В. Тишков, посвятивший целый ряд работ анализу этого феномена, обратил внимание на то, что грузино-абхазскому конфликту начала 1990-х гг. предшествовали споры обществоведов о том, на каком языке были сделаны каменные надписи местных памятников древности. В этих спорах живейшее участие принимали Владислав Ардзинба и Звиад Гамсахурдиа (первый — историк, второй — филолог). То, что первые вооруженные столкновения между абхазами и грузинами начались почти сразу после дискуссии в газетах между Ардзинбой и Гамсахурдия, в высшей степени симптоматично. Симптоматична и роль, которую сыграла книга А. Авторханова «Убийство чечено-ингушского народа» в инициировании сепаратистских настроений в Чечне. От того, в каких терминах участники социального действия осмысляют общественную действительность, зависит сам характер этой действительности. И, разумеется, то направление, в котором те или иные акторы будут ее преобразовывать. «Народоубийство», «этноцид», «национальное освобождение», «разделенный народ», «400 лет чеченского сопротивления» — такие метафоры превращаются в страшную разрушительную силу, становясь императивом политического действия.

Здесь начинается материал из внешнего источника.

(* Let $G$ be an optimal digraph with $\beta_G > \alpha_G$. For every augmenting sequence $v_1, f_1, v_2, f_2, \dots, f_k, v_{k+1}$ in $G$, we have $v_i \neq v_j$ for all $i \neq j$, except possibly $v_{k+1} = v_1$.
   Context: Digraphs are finite, loopless, with at most one edge $uv$ per ordered pair. A digraph is $2$-free if no distinct $u,v$ have both $uv,vu$ as edges. A circular interval digraph is a digraph together with a fixed arrangement of its vertices in a circle such that for all distinct $u,v,w$ in clockwise order with $uw\in E(G)$, also $uv,vw\in E(G)$. For distinct $u,v$, $d(u,v) = 1 + |\{w: u,w,v \text{ distinct, in clockwise order}\}|$; this is the length of the ordered pair $uv$. A non-edge is an ordered pair $(u,v)$ of distinct vertices with neither $uv$ nor $vu$ an edge; its length is $d(u,v)$. $\alpha_G$ is the minimum length of a non-edge ($\infty$ if none) and $\beta_G$ the maximum length of an edge ($0$ if none). A longest edge is an edge of length $\beta_G$; a shortest non-edge is a non-edge of length $\alpha_G$; an extreme pair is a longest edge or a shortest non-edge. An alternating sequence is a sequence $v_1,f_1,v_2,\dots,f_k,v_{k+1}$ ($k\ge1$) of vertices $v_i$ and extreme pairs $f_i=(v_i,v_{i+1})$ such that the $f_i$ are pairwise distinct, and for $1\le i\le k-1$, if $f_i$ is an edge then $f_{i+1}$ is a non-edge, and if $f_i$ is a non-edge then $f_{i+1}$ is an edge. An augmenting sequence is a maximal alternating sequence (one that cannot be extended at either end to a longer alternating sequence). $\xi(G)$ is the number of pairs $(uv,(w,x))$ with $uv\in E(G)$, $(w,x)$ a non-edge, $d(u,v)>d(w,x)$. $\tilde P_3(G)$ is the number of triples $(a,b,c)$ of distinct vertices with $ab,bc\in E(G)$ and $ac,ca\notin E(G)$. For fixed $n\ge 4$, $G$ is optimal if it is a $2$-free circular interval digraph on $n$ vertices maximizing $\tilde P_3$ among all such digraphs and, subject to this, minimizing $\xi(G)$. *)

theory Defs
  imports Main "HOL-Library.Extended_Nat"
begin

text \<open>Vertices of a digraph on n vertices are 0,...,n-1, arranged clockwise in
increasing order around the circle. A digraph is an edge predicate E.\<close>

definition is_digraph :: "nat \<Rightarrow> (nat \<Rightarrow> nat \<Rightarrow> bool) \<Rightarrow> bool" where
  "is_digraph n E \<longleftrightarrow> (\<forall>u v. E u v \<longrightarrow> u < n \<and> v < n \<and> u \<noteq> v)"

definition two_free :: "nat \<Rightarrow> (nat \<Rightarrow> nat \<Rightarrow> bool) \<Rightarrow> bool" where
  "two_free n E \<longleftrightarrow> (\<forall>u<n. \<forall>v<n. u \<noteq> v \<longrightarrow> \<not> (E u v \<and> E v u))"

definition clockwise :: "nat \<Rightarrow> nat \<Rightarrow> nat \<Rightarrow> nat \<Rightarrow> bool" where
  "clockwise n u v w \<longleftrightarrow> u < n \<and> v < n \<and> w < n \<and> u \<noteq> v \<and> v \<noteq> w \<and> u \<noteq> w \<and>
     (v + n - u) mod n < (w + n - u) mod n"

definition circ_interval :: "nat \<Rightarrow> (nat \<Rightarrow> nat \<Rightarrow> bool) \<Rightarrow> bool" where
  "circ_interval n E \<longleftrightarrow> is_digraph n E \<and>
     (\<forall>u v w. clockwise n u v w \<and> E u w \<longrightarrow> E u v \<and> E v w)"

definition dlen :: "nat \<Rightarrow> nat \<Rightarrow> nat \<Rightarrow> nat" where
  "dlen n u v = 1 + card {w. w < n \<and> clockwise n u w v}"

definition nonedge :: "nat \<Rightarrow> (nat \<Rightarrow> nat \<Rightarrow> bool) \<Rightarrow> nat \<Rightarrow> nat \<Rightarrow> bool" where
  "nonedge n E u v \<longleftrightarrow> u < n \<and> v < n \<and> u \<noteq> v \<and> \<not> E u v \<and> \<not> E v u"

definition alphaG :: "nat \<Rightarrow> (nat \<Rightarrow> nat \<Rightarrow> bool) \<Rightarrow> enat" where
  "alphaG n E = (if \<exists>u v. nonedge n E u v
      then enat (Min {dlen n u v | u v. nonedge n E u v}) else \<infinity>)"

definition betaG :: "nat \<Rightarrow> (nat \<Rightarrow> nat \<Rightarrow> bool) \<Rightarrow> nat" where
  "betaG n E = (if \<exists>u v. E u v then Max {dlen n u v | u v. E u v} else 0)"

definition longest_edge :: "nat \<Rightarrow> (nat \<Rightarrow> nat \<Rightarrow> bool) \<Rightarrow> nat \<Rightarrow> nat \<Rightarrow> bool" where
  "longest_edge n E u v \<longleftrightarrow> E u v \<and> dlen n u v = betaG n E"

definition shortest_nonedge :: "nat \<Rightarrow> (nat \<Rightarrow> nat \<Rightarrow> bool) \<Rightarrow> nat \<Rightarrow> nat \<Rightarrow> bool" where
  "shortest_nonedge n E u v \<longleftrightarrow> nonedge n E u v \<and> enat (dlen n u v) = alphaG n E"

definition extreme :: "nat \<Rightarrow> (nat \<Rightarrow> nat \<Rightarrow> bool) \<Rightarrow> nat \<Rightarrow> nat \<Rightarrow> bool" where
  "extreme n E u v \<longleftrightarrow> longest_edge n E u v \<or> shortest_nonedge n E u v"

text \<open>An alternating sequence v_1,f_1,...,f_k,v_{k+1} is encoded by the vertex list
vs = [v_1,...,v_{k+1}] (k = length vs - 1 \<ge> 1); f_i = (v_i, v_{i+1}).\<close>
definition alternating :: "nat \<Rightarrow> (nat \<Rightarrow> nat \<Rightarrow> bool) \<Rightarrow> nat list \<Rightarrow> bool" where
  "alternating n E vs \<longleftrightarrow> length vs \<ge> 2 \<and>
     (\<forall>i. i + 1 < length vs \<longrightarrow> extreme n E (vs ! i) (vs ! (i + 1))) \<and>
     distinct (map (\<lambda>i. (vs ! i, vs ! (i + 1))) [0..<length vs - 1]) \<and>
     (\<forall>i. i + 2 < length vs \<longrightarrow>
        (E (vs ! i) (vs ! (i + 1)) \<longrightarrow> nonedge n E (vs ! (i + 1)) (vs ! (i + 2))) \<and>
        (nonedge n E (vs ! i) (vs ! (i + 1)) \<longrightarrow> E (vs ! (i + 1)) (vs ! (i + 2))))"

definition augmenting :: "nat \<Rightarrow> (nat \<Rightarrow> nat \<Rightarrow> bool) \<Rightarrow> nat list \<Rightarrow> bool" where
  "augmenting n E vs \<longleftrightarrow> alternating n E vs \<and>
     \<not> (\<exists>xs ys. xs @ ys \<noteq> [] \<and> alternating n E (xs @ vs @ ys))"

definition xi :: "nat \<Rightarrow> (nat \<Rightarrow> nat \<Rightarrow> bool) \<Rightarrow> nat" where
  "xi n E = card {((u, v), (w, x)). E u v \<and> nonedge n E w x \<and> dlen n u v > dlen n w x}"

definition P3t :: "nat \<Rightarrow> (nat \<Rightarrow> nat \<Rightarrow> bool) \<Rightarrow> nat" where
  "P3t n E = card {(a, b, c). a < n \<and> b < n \<and> c < n \<and> a \<noteq> b \<and> b \<noteq> c \<and> a \<noteq> c \<and>
      E a b \<and> E b c \<and> \<not> E a c \<and> \<not> E c a}"

definition admissible :: "nat \<Rightarrow> (nat \<Rightarrow> nat \<Rightarrow> bool) \<Rightarrow> bool" where
  "admissible n E \<longleftrightarrow> circ_interval n E \<and> two_free n E"

definition optimal :: "nat \<Rightarrow> (nat \<Rightarrow> nat \<Rightarrow> bool) \<Rightarrow> bool" where
  "optimal n E \<longleftrightarrow> admissible n E \<and>
     (\<forall>E'. admissible n E' \<longrightarrow> P3t n E' \<le> P3t n E) \<and>
     (\<forall>E'. admissible n E' \<and> P3t n E' = P3t n E \<longrightarrow> xi n E \<le> xi n E')"

end

theory Submission
  imports Defs
begin

(* Only two features of an optimal digraph G with beta_G > alpha_G are
   needed: G is a circular interval digraph, and every shortest non-edge is strictly
   shorter than every longest edge.  From these we show that the relation
   "(u,v) is an extreme pair" is a partial injection on vertices: two extreme pairs
   with a common tail, or with a common head, coincide.  (Two extreme pairs of the same
   kind from u have the same length, hence the same head; a longest edge uv and a
   shortest non-edge uw from u are impossible, since w would lie strictly inside the
   clockwise interval from u to v, forcing uw to be an edge; heads are symmetric.)
   An alternating sequence is a walk along this partial injection using pairwise
   distinct steps, and such a walk can repeat no vertex except by closing up at its
   end. *)

definition offset :: "nat \<Rightarrow> nat \<Rightarrow> nat \<Rightarrow> nat" where
  "offset n u v = (v + n - u) mod n"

Разумеется, значимость идеологических факторов в возникновении и развитии этнических конфликтов не следует преувеличивать. Как мы уже отмечали выше, почву конфликта создают в первую очередь обстоятельства социально-структурного свойства. Характерный пример долговременного межэтнического противостояния дает такая развитая европейская страна как Бельгия. На сегодняшний день здесь, несмотря на целый ряд глубоких политических реформ, остается нерешенным вопрос, сохранится ли Бельгия как федерация, или единое государство распадется из-за противоречий между этнолингвистическими группами.

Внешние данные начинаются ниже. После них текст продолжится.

text \<open>
  Write \<open>T\<close> for \<open>T\<^sub>\<alpha>\<^sub>,\<^sub>\<beta>\<close>. Some iterate \<open>T\<^sup>j\<close>, \<open>j < m\<close>, separates two adjacent cut points
  \<open>p < q\<close> by a definite distance \<open>D\<close>: if \<open>T\<^sup>k p = T\<^sup>k q\<close> for some \<open>k \<le> m\<close>, then by the intermediate
  value theorem an earlier preimage of \<open>\<alpha>\<close> would lie strictly between them; otherwise the orbits
  of \<open>p\<close> and \<open>q\<close> reach \<open>\<alpha>\<close> at one time and \<open>0\<close>, \<open>1\<close> or a point \<open>T\<^sup>i \<alpha>\<close> with \<open>1 \<le> i < m\<close> at the
  other. Since no \<open>T\<^sup>i\<^sub>0 \<alpha>\<^sub>0\<close> equals \<open>\<alpha>\<^sub>0\<close>, continuity keeps \<open>T\<^sup>i\<^sub>n \<alpha>\<^sub>n\<close> uniformly away from \<open>\<alpha>\<^sub>n\<close> for
  large \<open>n\<close>, and \<open>\<alpha>\<^sub>n\<close> stays away from \<open>0\<close> and \<open>1\<close>. As all \<open>T\<^sub>n\<close> are then Lipschitz with a
  common constant \<open>L\<close>, we get \<open>q - p \<ge> D / L\<^sup>m\<close>. Each of the finitely many remaining \<open>n\<close> has a
  finite partition.
\<close>

lemma skew_tent_eq_min:
  fixes a b x :: real
  assumes "0 < a" "a < 1" "0 \<le> b"
  shows "skew_tent a b x = min (b / a * x) (b / (1 - a) * (1 - x))"
proof (cases "x \<le> a")
  case True
  then have "b * x \<le> b * a" using assms by (simp add: mult_left_mono)
  then have "b * x * (1 - a) \<le> b * (1 - x) * a" by (simp add: algebra_simps)
  then show ?thesis using True assms by (simp add: skew_tent_def field_simps)
next
  case False
  then have "b * a \<le> b * x" using assms by (simp add: mult_left_mono)
  then have "b * (1 - x) * a \<le> b * x * (1 - a)" by (simp add: algebra_simps)
  then show ?thesis using False assms by (simp add: skew_tent_def field_simps)
qed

На протяжении более чем столетия Бельгия считалась национальным государством с одним государственным языком (французским) и одной доминирующей группой (валлонами). Однако во второй половине XX в. ситуация изменилась: фламандцы потребовали передела власти. Отношения между франкоговорящей и голландскоговорящей общинами не были безоблачными в силу многих, в том числе исторических причин. Так, во время Первой мировой войны фламандцы выступили на стороне Германии, рассчитывая на помощь последней в создании самостоятельного государства. После поражения Германии (которая, кстати, не поддержала идеи суверенитета Фландрии) фламандцы оказались в глазах бельгийского общества предателями. Включению фламандского населения в воображаемое сообщество по имени «бельгийская нация» препятствовали и политико-экономические факторы. Костяк бельгийской финансовой буржуазии, равно как и брюссельской бюрократии, составляли франкофоны. Фламандский средний класс не имел доступа к власти и ресурсам в общенациональном масштабе.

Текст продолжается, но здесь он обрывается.